I think they now believe less in that possibility," he told the
Spanish daily El Pais. "You ask yourself a lot of questions when
you see the things they did to try to show that the Iraqis had nuclear
weapons, like the fake contract with Niger."
Anxious
to find a "smoking gun", a team of U.S. disarmament experts
has been set up to question Iraqis involved in weapons programs, while
others comb sites and analyze samples in the field using mobile labs.
The
move has alarmed the weapons inspectors at the UN, where Kofi Annan, the
UN Secretary General, pointedly said last week: "I think they are
the ones with the mandate to disarm Iraq, and when the situation permits
they should go back to resume their work."
The
U.S. team has attempted to lure some of the inspectors, who are
recognized as the sole legitimate international authority on Iraq's
weapons programmes.
The
latest theory being touted in Washington by the usual unnamed government
sources is that the Iraqis have moved their weapons out of the country,
very possibly into Syria.
“This
claim appears to have originated with Israeli intelligence - which has
every motivation for stirring up trouble for its “hostile” Arab
neighbors - and has been bolstered by reports of fighting between Iraqi
Special Republican Guard units and US special forces near the Syrian
border,” The Independent explained.
Disarmament
experts do not give the claim much credence. After all, any suspicious
convoy or mobile laboratory would almost certainly be spotted by U.S.
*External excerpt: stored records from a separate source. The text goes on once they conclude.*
(* Let $\mathcal C$ be a quantum channel on a finite-dimensional system $A$, let $v\ge1$, and let $\widetilde{\mathcal C}$ be a vacuum extension of $\mathcal C$ with a $v$-dimensional vacuum sector. Let $\{\widetilde C_i=C_i\oplus C_{\mathrm{Vac},i}\}_{i=1}^r$ be a Kraus representation of $\widetilde{\mathcal C}$ consisting of linearly independent operators, and let $z$ be the number of indices $i$ with $C_i=0$. If $\widetilde{\mathcal C}$ is an extreme point of the convex set of vacuum extensions of $\mathcal C$ with $v$-dimensional vacuum sector, then $z\le\sqrt{v^2+1}-1$. In particular, if $v=1$, none of the operators $C_i$ is zero.
   Context: $\mathrm{Vac}$ is a $v$-dimensional sector orthogonal to $A$. A vacuum extension of $\mathcal C$ is a channel $\widetilde{\mathcal C}$ on $A\oplus\mathrm{Vac}$ such that (i) states supported in $A$ are mapped to states supported in $A$ and states supported in $\mathrm{Vac}$ are mapped to states supported in $\mathrm{Vac}$ (No Leakage Condition), and (ii) its restriction to $A$ (the channel with Kraus operators $P_A\widetilde C_iP_A$) is $\mathcal C$. Such extensions form a convex set; its Kraus operators have block form $C_i\oplus C_{\mathrm{Vac},i}$ with $C_i$ on $\mathcal H_A$ and $C_{\mathrm{Vac},i}$ on $\mathcal H_{\mathrm{Vac}}$. *)

theory Defs
  imports "Jordan_Normal_Form.Matrix"
begin

text \<open>Finite-dimensional quantum systems are modelled by complex square matrices of a
fixed size; a map on operators is a function on complex matrices, only its values
on matrices of the relevant size matter.\<close>

definition adj :: "complex mat \<Rightarrow> complex mat" where
  "adj K = mat (dim_col K) (dim_row K) (\<lambda>(i,j). cnj (K $$ (j,i)))"

definition tr :: "complex mat \<Rightarrow> complex" where
  "tr M = (\<Sum>i<dim_row M. M $$ (i,i))"

definition psd :: "nat \<Rightarrow> complex mat \<Rightarrow> bool" where
  "psd n M \<longleftrightarrow> M \<in> carrier_mat n n \<and> adj M = M \<and>
     (\<forall>x \<in> carrier_vec n.
        Im (\<Sum>i<n. \<Sum>j<n. cnj (x $ i) * M $$ (i,j) * x $ j) = 0 \<and>
        Re (\<Sum>i<n. \<Sum>j<n. cnj (x $ i) * M $$ (i,j) * x $ j) \<ge> 0)"

definition density :: "nat \<Rightarrow> complex mat \<Rightarrow> bool" where
  "density n \<rho> \<longleftrightarrow> psd n \<rho> \<and> tr \<rho> = 1"

definition msum :: "nat \<Rightarrow> complex mat list \<Rightarrow> complex mat" where
  "msum n Ms = foldr (+) Ms (0\<^sub>m n n)"
definition split_cleavage :: "('ao, 'am) gpd \<Rightarrow> ('co, 'cm) gpd \<Rightarrow> ('ao, 'am, 'co, 'cm) fn \<Rightarrow>
                              ('cm \<Rightarrow> 'ao \<Rightarrow> 'am) \<Rightarrow> bool" where
  "split_cleavage A C f c \<longleftrightarrow>
     (\<forall>\<sigma>\<in>Arr C. \<forall>z\<in>Obj A. fo f z = Dom C \<sigma> \<longrightarrow>
        c \<sigma> z \<in> Arr A \<and> Dom A (c \<sigma> z) = z \<and> fm f (c \<sigma> z) = \<sigma>) \<and>
     (\<forall>z\<in>Obj A. c (Ide C (fo f z)) z = Ide A z) \<and>
     (\<forall>\<sigma>\<in>Arr C. \<forall>\<tau>\<in>Arr C. \<forall>z\<in>Obj A. Cod C \<sigma> = Dom C \<tau> \<longrightarrow> fo f z = Dom C \<sigma> \<longrightarrow>
        c (Cmp C \<tau> \<sigma>) z = Cmp A (c \<tau> (Cod A (c \<sigma> z))) (c \<sigma> z))"

definition split_fibration :: "('ao, 'am) gpd \<Rightarrow> ('co, 'cm) gpd \<Rightarrow> ('ao, 'am, 'co, 'cm) fn \<Rightarrow> bool" where
  "split_fibration A C f \<longleftrightarrow> isofibration A C f \<and> (\<exists>c. split_cleavage A C f c)"

end

theory Submission
  imports Defs
begin

text \<open>
  The morphism p has a split cleavage (lift an arrow of U with an identity as point component),
  and its fiber over (A0, A1, phi) is a copy of A0, hence kappa-small. Both properties pass to
  pullbacks, because a pullback square identifies A with the standard pullback.

  Conversely, given a split cleavage c of f with kappa-small fibers, every fiber can be encoded as
  a kappa-small groupoid with elements in 'k, i.e. as an object of U. Transport along c turns
  every arrow s of C into an isomorphism of encoded fibers, the involution of A restricts to
  isomorphisms between the fibers over x and iC x, and the failure of c to commute with the
  involutions provides the natural isomorphism alpha. This defines the classifying map
  cls : C -> U, and tcls : A -> U-tilde additionally marks the point in the fiber. The
  comparison map from A to the pullback is bijective because every arrow m of A factors
  uniquely as a vertical arrow after the lift c (f m) (Dom m).
\<close>

unbundle cardinal_syntax

locale gpd_groupoid = fixes G :: "('o,'m) gpd" assumes groupoid: "groupoid G"
begin

lemma dom_obj[simp]: "m \<in> Arr G \<Longrightarrow> Dom G m \<in> Obj G"
  and cod_obj[simp]: "m \<in> Arr G \<Longrightarrow> Cod G m \<in> Obj G"
  using groupoid unfolding groupoid_def by auto

lemma ide_arr[simp]: "x \<in> Obj G \<Longrightarrow> Ide G x \<in> Arr G"
  and ide_dom[simp]: "x \<in> Obj G \<Longrightarrow> Dom G (Ide G x) = x"
  and ide_cod[simp]: "x \<in> Obj G \<Longrightarrow> Cod G (Ide G x) = x"
  using groupoid unfolding groupoid_def hom_def by auto

lemma cmp_arr[simp]:
  "f \<in> Arr G \<Longrightarrow> g \<in> Arr G \<Longrightarrow> Cod G f = Dom G g \<Longrightarrow> Cmp G g f \<in> Arr G"
  and cmp_dom[simp]: "f \<in> Arr G \<Longrightarrow> g \<in> Arr G \<Longrightarrow> Cod G f = Dom G g \<Longrightarrow> Dom G (Cmp G g f) = Dom G f"
  and cmp_cod[simp]: "f \<in> Arr G \<Longrightarrow> g \<in> Arr G \<Longrightarrow> Cod G f = Dom G g \<Longrightarrow> Cod G (Cmp G g f) = Cod G g"
  using groupoid unfolding groupoid_def hom_def by blast+

lemma cmp_assoc[simp]:
  "f \<in> Arr G \<Longrightarrow> g \<in> Arr G \<Longrightarrow> h \<in> Arr G \<Longrightarrow> Cod G f = Dom G g \<Longrightarrow> Cod G g = Dom G h \<Longrightarrow>
   Cmp G (Cmp G h g) f = Cmp G h (Cmp G g f)"
  using groupoid unfolding groupoid_def by metis

lemma cmp_ide_left[simp]:
  "f \<in> Arr G \<Longrightarrow> Cod G f = y \<Longrightarrow> Cmp G (Ide G y) f = f"
  and cmp_ide_right[simp]: "f \<in> Arr G \<Longrightarrow> Dom G f = y \<Longrightarrow> Cmp G f (Ide G y) = f"
  using groupoid unfolding groupoid_def by blast+

lemma inverse_unique:
  assumes f: "f \<in> Arr G" and g: "g \<in> hom G (Cod G f) (Dom G f)"
    and gf: "Cmp G g f = Ide G (Dom G f)"
    and g': "g' \<in> hom G (Cod G f) (Dom G f)" and fg': "Cmp G f g' = Ide G (Cod G f)"
  shows "g = g'"
proof -
  have g_arr: "g \<in> Arr G" "Dom G g = Cod G f" "Cod G g = Dom G f" using g by (auto simp: hom_def)
  have g'_arr: "g' \<in> Arr G" "Dom G g' = Cod G f"
    "Cod G g' = Dom G f" using g' by (auto simp: hom_def)
  have "g = Cmp G g (Cmp G f g')" using fg' g_arr by simp
  also have "\<dots> = Cmp G (Cmp G g f) g'" using f g_arr g'_arr by simp
  also have "\<dots> = g'" using gf g'_arr by simp
  finally show ?thesis .
qed

lemma ginv_prop:
  assumes f: "f \<in> Arr G"
  shows "ginv G f \<in> hom G (Cod G f) (Dom G f) \<and>
         Cmp G (ginv G f) f = Ide G (Dom G f) \<and> Cmp G f (ginv G f) = Ide G (Cod G f)"
proof -
  obtain g where g: "g \<in> hom G (Cod G f) (Dom G f)" "Cmp G g f = Ide G (Dom G f)"
    "Cmp G f g = Ide G (Cod G f)"
    using groupoid f unfolding groupoid_def by blast
  show ?thesis
    unfolding ginv_def
  proof (rule theI[of _ g])
    fix g' assume "g' \<in> hom G (Cod G f) (Dom G f) \<and>
      Cmp G g' f = Ide G (Dom G f) \<and> Cmp G f g' = Ide G (Cod G f)"
    then show "g' = g" using inverse_unique[OF f] g by blast
  qed (use g in blast)
qed

lemma ginv_arr[simp]: "f \<in> Arr G \<Longrightarrow> ginv G f \<in> Arr G"
  and ginv_dom[simp]: "f \<in> Arr G \<Longrightarrow> Dom G (ginv G f) = Cod G f"
  and ginv_cod[simp]: "f \<in> Arr G \<Longrightarrow> Cod G (ginv G f) = Dom G f"
  and cmp_ginv_left[simp]: "f \<in> Arr G \<Longrightarrow> Cmp G (ginv G f) f = Ide G (Dom G f)"
  and cmp_ginv_right[simp]: "f \<in> Arr G \<Longrightarrow> Cmp G f (ginv G f) = Ide G (Cod G f)"
  using ginv_prop[of f] by (auto simp: hom_def)

lemma cmp_ginv_cancel_left[simp]:
  "f \<in> Arr G \<Longrightarrow> x \<in> Arr G \<Longrightarrow> Cod G x = Dom G f \<Longrightarrow> Cmp G (ginv G f) (Cmp G f x) = x"
  by (subst cmp_assoc[symmetric]) auto

lemma cmp_ginv_cancel_right[simp]:
  "f \<in> Arr G \<Longrightarrow> x \<in> Arr G \<Longrightarrow> Cod G x = Cod G f \<Longrightarrow> Cmp G f (Cmp G (ginv G f) x) = x"
  by (subst cmp_assoc[symmetric]) auto

lemma ginv_eqI:
  "f \<in> Arr G \<Longrightarrow> g \<in> Arr G \<Longrightarrow> Dom G g = Cod G f \<Longrightarrow> Cod G g = Dom G f \<Longrightarrow>
   Cmp G g f = Ide G (Dom G f) \<Longrightarrow> ginv G f = g"
  using inverse_unique[of f g "ginv G f"] by (auto simp: hom_def)

lemma ginv_ginv[simp]: "f \<in> Arr G \<Longrightarrow> ginv G (ginv G f) = f"
  by (rule ginv_eqI) auto

lemma ginv_ide[simp]: "x \<in> Obj G \<Longrightarrow> ginv G (Ide G x) = Ide G x"
  by (rule ginv_eqI) auto

lemma ginv_cmp:
  "f \<in> Arr G \<Longrightarrow> g \<in> Arr G \<Longrightarrow> Cod G f = Dom G g \<Longrightarrow>
   ginv G (Cmp G g f) = Cmp G (ginv G f) (ginv G g)"
  by (rule ginv_eqI) auto

end

locale gpd_functor =
  fixes G :: "('o, 'm) gpd" and H :: "('p, 'n) gpd" and F :: "('o, 'm, 'p, 'n) fn"
  assumes functorial: "is_functor G H F"
begin
lemma exp_val_coordinate_line:
  assumes "finite V" and "k < p"
  obtains f where "f holomorphic_on UNIV"
    and "\<And>t. exp_val V E d D T p A Op (y(k := t)) = f (of_real t)"
proof
  define C where "C = cfg d V"
  define M where "M = embed_op V (A k) (Op k)"
  define N where "N s' s = (\<Sum>i\<in>{..<p} - {k}. of_real (y i) * embed_op V (A i) (Op i) s' s)" for s' s
  define f where "f z = (\<Sum>s'\<in>C. \<Sum>s\<in>C. cnj (peps_amp V E D T s')
      * mat_exp C (\<lambda>a b. z * M a b + N a b) s' s * peps_amp V E D T s)" for z
  show "f holomorphic_on UNIV"
    unfolding f_def C_def
    by (intro holomorphic_intros mat_exp_affine_holomorphic finite_cfg assms(1)) auto
  have "gen_op V p A Op (y(k := t)) = (\<lambda>a b. of_real t * M a b + N a b)" for t
  proof (intro ext)
    fix s' s
    have "gen_op V p A Op (y(k := t)) s' s
        = of_real t * M s' s + (\<Sum>i\<in>{..<p} - {k}. of_real ((y(k := t)) i) * embed_op V (A i) (Op i) s' s)"
      unfolding gen_op_eq_sum_embed_op M_def using assms(2) by (simp add: sum.remove)
    also have "(\<Sum>i\<in>{..<p} - {k}. of_real ((y(k := t)) i) * embed_op V (A i) (Op i) s' s) = N s' s"
      unfolding N_def by (rule sum.cong) auto
    finally show "gen_op V p A Op (y(k := t)) s' s = of_real t * M s' s + N s' s" .
  qed
  then show "exp_val V E d D T p A Op (y(k := t)) = f (of_real t)" for t
    by (simp add: exp_val_def f_def C_def)
qed

lemma mat_norm1_gen_op_le:
  assumes "y \<in> nbhd0 p \<delta>"
  shows "mat_norm1 C (gen_op V p A Op y) \<le> \<delta> * (\<Sum>i<p. mat_norm1 C (embed_op V (A i) (Op i)))"
proof -
  have "mat_norm1 C (gen_op V p A Op y) \<le> (\<Sum>i<p. \<bar>y i\<bar> * mat_norm1 C (embed_op V (A i) (Op i)))"
    using mat_norm1_sum_le[of C "\<lambda>i a b. of_real (y i) * embed_op V (A i) (Op i) a b" "{..<p}"]
    by (simp add: gen_op_eq_sum_embed_op[abs_def] mat_norm1_scale)
  also have "\<dots> \<le> (\<Sum>i<p. \<delta> * mat_norm1 C (embed_op V (A i) (Op i)))"
    using assms by (intro sum_mono mult_right_mono mat_norm1_nonneg) (auto simp: nbhd0_def)
  finally show ?thesis by (simp add: sum_distrib_left)
qed
(* Let $\mathcal{H}=\mathbb{R}\times\mathbb{R}\times\,]0,+\infty[$. The map associating to an irreducible planar Keplerian branch around ${\rm O}$ the parameters $(\alpha,\beta,\gamma)$ of its unifocal equation $r=\alpha x+\beta y+\gamma$ is a bijection from the space of irreducible planar Keplerian branches around ${\rm O}$ onto $\mathcal{H}$. Under this bijection: the set of irreducible Keplerian branches passing through a point ${\rm A}\neq{\rm O}$ is the intersection with $\mathcal{H}$ of a plane which cuts the boundary $\{\gamma=0\}$ of $\mathcal{H}$; the set of irreducible Keplerian branches passing through two points ${\rm A}$ and ${\rm B}$ not located on the same ray from ${\rm O}$ is the intersection with $\mathcal{H}$ of a straight line; this line cuts the boundary of $\mathcal{H}$, except if ${\rm O}$ lies on the open segment $]{\rm A},{\rm B}[$, in which case the line is contained in $\mathcal{H}$ and $\gamma$ is constant on the line.
   Context: Work in the Euclidean plane $\mathbb{R}^2={\rm O}xy$ with origin ${\rm O}$, $r=\sqrt{x^2+y^2}$, and Newton's system $\ddot q=-q/r^3$. An extended solution is a continuous path $t\mapsto q(t)$ which is an analytic solution except at a discrete set of collision times where $q={\rm O}$, at which the motion bounces back along the same ray with the same energy; a Keplerian branch around ${\rm O}$ is the image of an extended solution. A branch is irreducible if it is not contained in a line (i.e. it is not rectilinear). For a nonrectilinear solution $q=(x,y)$, with $C=x\dot y-y\dot x$, $\alpha=\frac{x}{r}-\dot yC$, $\beta=\frac{y}{r}+\dot xC$ (constants of motion) and $\gamma=C^2>0$, the branch is exactly the set of points satisfying $r=\alpha x+\beta y+\gamma$, called its unifocal equation. A ray is a closed half-line from ${\rm O}$. *)

theory Defs
  imports "HOL-Analysis.Analysis"
begin
lemma minimal_annihilator_multiple:
  assumes P: "annihilates P z" and P_min: "\<And>R. annihilates R z \<Longrightarrow> degree P \<le> degree R"
    and P': "P' \<in> kXY" "degree P' \<le> degree P" "poly2 P' f z = 0"
  shows "smult (lead_coeff P) P' = smult (coeff P' (degree P)) P"
proof (rule ccontr)
  define R where "R = smult (lead_coeff P) P' - smult (coeff P' (degree P)) P"
  assume "smult (lead_coeff P) P' \<noteq> smult (coeff P' (degree P)) P"
  then have "R \<noteq> 0" by (simp add: R_def)
  moreover have "R \<in> kXY" unfolding R_def using annihilatesD(1)[OF P] P'
    by (intro subringD(6)[OF subring_kXY] polys_over_smult[OF subring_kX] polys_overD) auto
  moreover have "poly2 R f z = 0" using annihilatesD(3)[OF P] P' by (simp add: R_def)
  ultimately have "annihilates R z" unfolding annihilates_def by blast
  moreover have "degree R < degree P"
  proof (rule degree_less_if_less_eqI)
    show "degree R \<le> degree P" unfolding R_def using P'
      by (intro degree_diff_le) (auto intro: order_trans[OF degree_smult_le])
    show "coeff R (degree P) = 0" by (simp add: R_def mult.commute)
  qed (fact \<open>R \<noteq> 0\<close>)
  ultimately show False using P_min by fastforce
qed

lemma minimal_annihilator_coeff_0:
  assumes "z \<noteq> 0" and P: "annihilates P z" and P_min: "\<And>R. annihilates R z \<Longrightarrow> degree P \<le> degree R"
  shows "coeff P 0 \<noteq> 0"
proof
  assume "coeff P 0 = 0"
  then obtain P1 where P1: "P = pCons 0 P1" by (cases P) auto
  then have "P1 \<noteq> 0" "P1 \<in> kXY" "poly2 P1 f z = 0"
    using annihilatesD[OF P] \<open>z \<noteq> 0\<close> subringD(1)[OF subring_kX] polys_over_pCons by auto
  then have "annihilates P1 z" unfolding annihilates_def by blast
  moreover have "degree P1 < degree P" using P1 \<open>P1 \<noteq> 0\<close> by simp
  ultimately show False using P_min by fastforce
qed

text \<open>If \<open>\<delta> z = l z + m\<close>, applying \<open>\<delta>\<close> to the minimal relation \<open>P(f, z) = 0\<close> gives a relation of
  no larger degree, hence a multiple of \<open>P\<close>; comparing coefficients yields Euler-Wronskian identities
  between the coefficients of \<open>P\<close>.\<close>

lemma minimal_annihilator_euler_wronskian:
  assumes z: "z \<in> E" and l: "l \<in> k" and m: "m \<in> k" and delta_z: "delta z = l * z + m"
    and P: "annihilates P z" and P_min: "\<And>R. annihilates R z \<Longrightarrow> degree P \<le> degree R"
  shows "euler_wronskian (coeff P j) (lead_coeff P) + smult (l * of_nat j) (coeff P j * lead_coeff P)
      + smult (m * of_nat (Suc j)) (coeff P (Suc j) * lead_coeff P)
    = smult (l * of_nat (degree P)) (coeff P j * lead_coeff P)"
proof (rule euler_wronskian_if_delta_lift)
  note kX = subringD[OF subring_kX] and kXY = subringD[OF subring_kXY]
  have P': "delta_lift l m P \<in> kXY"
    unfolding delta_lift_def using annihilatesD(1)[OF P] l m
    by (intro kXY polys_over_smult[OF subring_kX] X_in_kX map_pderiv_in_kXY polys_over_const
        iffD2[OF polys_over_pCons])
      (auto simp: kX subringD(1)[OF k_subring] intro: polys_over_pderiv[OF subring_kX])
  have "poly2 (delta_lift l m P) f z = 0"
    using delta_poly2_at[OF z annihilatesD(1)[OF P]] annihilatesD(3)[OF P] delta_z delta_zero
    by (simp add: poly2_delta_lift)
  then have "smult (lead_coeff P) (delta_lift l m P) = smult (coeff (delta_lift l m P) (degree P)) P"
    using minimal_annihilator_multiple[OF P P_min P' degree_delta_lift] by blast
  from arg_cong[OF this, of "\<lambda>R. coeff R j"]
  show "lead_coeff P * coeff (delta_lift l m P) j = coeff (delta_lift l m P) (degree P) * coeff P j"
    by simp
qed
(* Let $G=(V,E)$ be a wireless sensor network whose nodes are points in the Euclidean plane, with a sink $v_s\in V$, operating under an interference model $\mathcal M$. Let $\mathcal Q$ be a finite set of periodic data collection queries, where the $i$-th query has source set $\mathcal S_i\subseteq V$, per-link transmission time $\chi_i>0$ per data unit, period $\mathbf p_i>0$, initial release time $\mathbf a_i$ and relative deadline $\mathbf d_i$. If $\mathcal Q$ is schedulable, then $$\ell_{G,\mathcal Q}(g_{v,h})\le c_1(\mathcal M)\quad\text{for every interference-aware region } g_{v,h}\ (v,h\in\mathbb Z),$$ and $$\sum_{i}\frac{|\mathcal S_i|\cdot\chi_i}{\mathbf p_i}\le 1 .$$
   Context: Network model: two nodes can communicate if they are within transmission range of each other; $E$ is the set of communication links. An interference model $\mathcal M$ specifies which sets of links can transmit simultaneously (interference-free). Examples: the protocol interference model, the RTS/CTS model and the physical (SINR) interference model. The interference-aware radius $\lambda(\mathcal M)$ is the maximum possible distance between two senders such that the corresponding two links interfere under $\mathcal M$; hence nodes pairwise more than $\lambda(\mathcal M)$ apart can transmit concurrently. Partition the plane by the vertical lines $x=i\lambda(\mathcal M)$ and horizontal lines $y=j\lambda(\mathcal M)$, $i,j\in\mathbb Z$; the square between $x=v\lambda(\mathcal M)$, $x=(v+1)\lambda(\mathcal M)$, $y=h\lambda(\mathcal M)$, $y=(h+1)\lambda(\mathcal M)$ is the interference-aware region $g_{v,h}$. The constant $c_1(\mathcal M)\ge 1$ is the maximum number of nodes that can transmit concurrently in any interference-aware region under $\mathcal M$. Queries: each source $v\in\mathcal S_i$ generates one data unit for the $i$-th query per period; the $t$-th instance of query $i$ is released at $\mathbf a_i+(t-1)\mathbf p_i$ and its data (the raw data unit from every node of $\mathcal S_i$, collected without aggregation) must be received by the sink by $\mathbf a_i+(t-1)\mathbf p_i+\mathbf d_i$. Transmitting one data unit of query $i$ over any link takes time $\chi_i$. The set $\mathcal Q$ is schedulable if there exist routing and an interference-free schedule of node transmissions (when each node transmits and which packets) under $\mathcal M$ such that every instance of every query meets its deadline. Initial load: for $u\in V$, $\ell_{G,\mathcal Q}(u)=\sum_{j:\,u\in\mathcal S_j}\chi_j/\mathbf p_j$; for a region $g$, $\ell_{G,\mathcal Q}(g)=\sum_{u\in V(g)}\ell_{G,\mathcal Q}(u)$, where $V(g)$ is the set of nodes of $V$ lying in $g$. *)

theory Defs
  imports "HOL-Analysis.Analysis"
begin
planes or spy satellites and bombed long before it reached Syria.
“But
the notion does provide the hawks in Washington with a compelling plot
device not unlike the McGuffin factor in Alfred Hitchcock's films - a
catalyst that may or may not have significance in itself but that gets
the suspense going and keeps the story rolling.
“If
the Bush administration should ever seek to turn its military wrath on
Damascus, the weapons of mass destruction it is failing to find in Iraq
might just provide the excuse once again,” concluded the paper.